At CaptainU, we’re all about helping recruits find the next-level college opportunity that offers the right “fit.” But finding the college and athletic program that fits you best isn’t as simple as trying on a pair of shoes. To complicate things even further, the right fit for you is completely different from everyone else. 

So, how do you decide if the school and its athletic program fits you? Consider these factors:

Is The Coach Being Honest With You?

When it comes to recruiting, every coach has a particular style. Some like to dazzle recruits and tell them what they want to hear. Others are more upfront and honest about what they have to offer. And everyone else falls somewhere in between. Given that, it’s up to you to figure out how honest each coach is in their promises to you.

If a coach promises immediate playing time, look at the stats of that coach’s previous teams to see how often freshmen played. In addition, look at that team’s transfer history, past, and present, to see whether a coach is truly committed to developing players or constantly looking for new transfers. Watch the team you’re considering to see if your style will mesh with that coach. Remember too that education should still be your primary focus, so see how a team’s graduation rate compares to what a coach says about his or her commitment to academics. 

When Will You Have A Realistic Opportunity To Play Or Contribute?

It’s only natural that you’ll want to get in the game as soon as you get to college. But, depending on the sport, that may not be a realistic expectation. Regardless of what a coach tells you, look at the existing roster and see how much playing time each player in your position got as freshmen and sophomores. If you’re in a sport where you need time to grow physically and athletically, then you may need to be willing to ride the bench for a year or two. If you can’t see yourself doing that and immediate playing time is that important, then you may have to look elsewhere to find the program that fits your desires. 

From a broader perspective, consider your own talent and ability. If coaches at big programs say you can walk on, but smaller schools or lower-division programs are offering some form of a scholarship, where do you think you’ll have more opportunities to play? The dream of walking on and earning a full scholarship does come true occasionally. But if your goal is to get in the game, a smaller school or lower-division might be the better fit. 

Consider Team Chemistry

Team chemistry is another “fit factor” that’s different for everyone. Are you looking for a team to be an extended family or do you want to join a team with a business-oriented attitude that only comes together in competition (though some teams can be both)? Do you want to join a team with older, experienced teammates, a younger team that’s still developing, or a team with an equal balance of experience? Or, do you want to be on a team that’s fully committed to winning, or are you simply looking for a team that can compete? Again, there’s no one-size-fits-all option and the only way you can get a feel for a team’s chemistry is to spend some time around each team you’re considering.

What College Experience Are You Looking For?

Do you want to be a big man or woman on campus or do you want to be just another college student?
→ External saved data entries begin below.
lemma pideal_mult: "a \<in> pideal T \<Longrightarrow> r \<in> polyfuns V \<Longrightarrow> r * a \<in> pideal T"
proof (induction a rule: pideal.induct)
  case pideal_0 then show ?case by (metis pideal.pideal_0 mult_zero_right)
next
  case (pideal_gen r' t) then show ?case
    using pideal.pideal_gen[of "r * r'" t T] by (auto simp: mult.assoc)
next
  case (pideal_add a b) then show ?case using pideal.pideal_add by (auto simp: distrib_left)
qed

lemma pideal_base: "t \<in> T \<Longrightarrow> t \<in> pideal T"
  using pideal_gen[of 1 t T] by simp

lemma pideal_diff: "a \<in> pideal T \<Longrightarrow> b \<in> pideal T \<Longrightarrow> a - b \<in> pideal T"
proof -
  assume a: "a \<in> pideal T" and b: "b \<in> pideal T"
  have "a + cst (-1) * b \<in> pideal T" using pideal_add[OF a pideal_mult[OF b]] by simp
  moreover have "a + cst (-1) * b = a - b" by (auto simp: fun_eq_iff fun_eval)
  ultimately show ?thesis by simp
qed

lemma pideal_sum: "(\<And>a. a \<in> A \<Longrightarrow> f a \<in> pideal T) \<Longrightarrow> sum f A \<in> pideal T"
  by (induction A rule: infinite_finite_induct) (auto intro: pideal_0 pideal_add)

lemma pideal_mono: "T \<subseteq> T' \<Longrightarrow> pideal T \<subseteq> pideal T'"
proof
  fix a assume TT: "T \<subseteq> T'"
  assume "a \<in> pideal T"
  then show "a \<in> pideal T'"
    by (induction a rule: pideal.induct) (use TT in \<open>auto intro: pideal.intros\<close>)
qed

lemma pideal_insert: "a \<in> pideal (insert g T) \<Longrightarrow> \<exists>i\<in>pideal T. \<exists>r\<in>polyfuns V. a = i + r * g"
proof (induction a rule: pideal.induct)
  case pideal_0 then show ?case by (intro bexI[of _ 0]) (auto intro: pideal.intros)
next
  case (pideal_gen r t)
  show ?case
  proof (cases "t = g")
    case True then show ?thesis
      using pideal_gen by (intro bexI[of _ 0] bexI[of _ r]) (auto intro: pideal.intros)
  next
    case False then show ?thesis
      using pideal_gen by (intro bexI[of _ "r * t"] bexI[of _ 0]) (auto intro: pideal.intros)
  qed
next
  case (pideal_add a b)
  then obtain i1 r1 i2 r2 where "i1 \<in> pideal T" "r1 \<in> polyfuns V" "a = i1 + r1 * g"
    "i2 \<in> pideal T" "r2 \<in> polyfuns V" "b = i2 + r2 * g" by blast
  then show ?case
    by (intro bexI[of _ "i1 + i2"] bexI[of _ "r1 + r2"]) (auto intro: pideal.intros simp: algebra_simps)
qed

lemma pideal_vanishes_finite:
  "a \<in> pideal T \<Longrightarrow> \<exists>F. finite F \<and> F \<subseteq> T \<and> (\<forall>c. (\<forall>t\<in>F. t c = 0) \<longrightarrow> a c = 0)"
proof (induction a rule: pideal.induct)
  case pideal_0 then show ?case by (intro exI[of _ "{}"]) (auto simp: fun_eval)
next
  case (pideal_gen r t) then show ?case by (intro exI[of _ "{t}"]) (auto simp: fun_eval)
next
  case (pideal_add a b)
  then obtain F1 F2 where "finite F1 \<and> F1 \<subseteq> T \<and> (\<forall>c. (\<forall>t\<in>F1. t c = 0) \<longrightarrow> a c = 0)"
    "finite F2 \<and> F2 \<subseteq> T \<and> (\<forall>c. (\<forall>t\<in>F2. t c = 0) \<longrightarrow> b c = 0)" by blast
  then show ?case by (intro exI[of _ "F1 \<union> F2"]) (auto simp: fun_eval)
qed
Do you want to compete at the highest level where your sport demands the same commitment as a full-time job or do you also want time to enjoy all the other aspects of being a college student? Do you feel at home on campus and with the team? Do you want a big school that feels or a smaller, more intimate campus experience?

If You Weren’t An Athlete, Would You Still Want To Attend That School?

This may be the last question on this list, but it should probably be the first question you answer when determining how a school might fit you. Forget about athletics, the facilities, the team, and the glitz, and instead, consider everything else about each school. Does a school offer what you want to major in? Do you like the size and feel of the campus? Do you like the climate and the feel of the town? Do you prefer smaller classes or the anonymity of large, hall classrooms? Remember that, athletics or not, the goal of going to college is to earn a degree and prepare for the rest of your life. 

If you buy clothes or shoes that don’t fit, you’ll either return them to the store or never wear them. But choosing a college and athletic opportunity that doesn’t fit isn’t as easy to fix. So when you’re narrowing down your target list, make sure you consider everything above to make sure you find the right college fit the first time.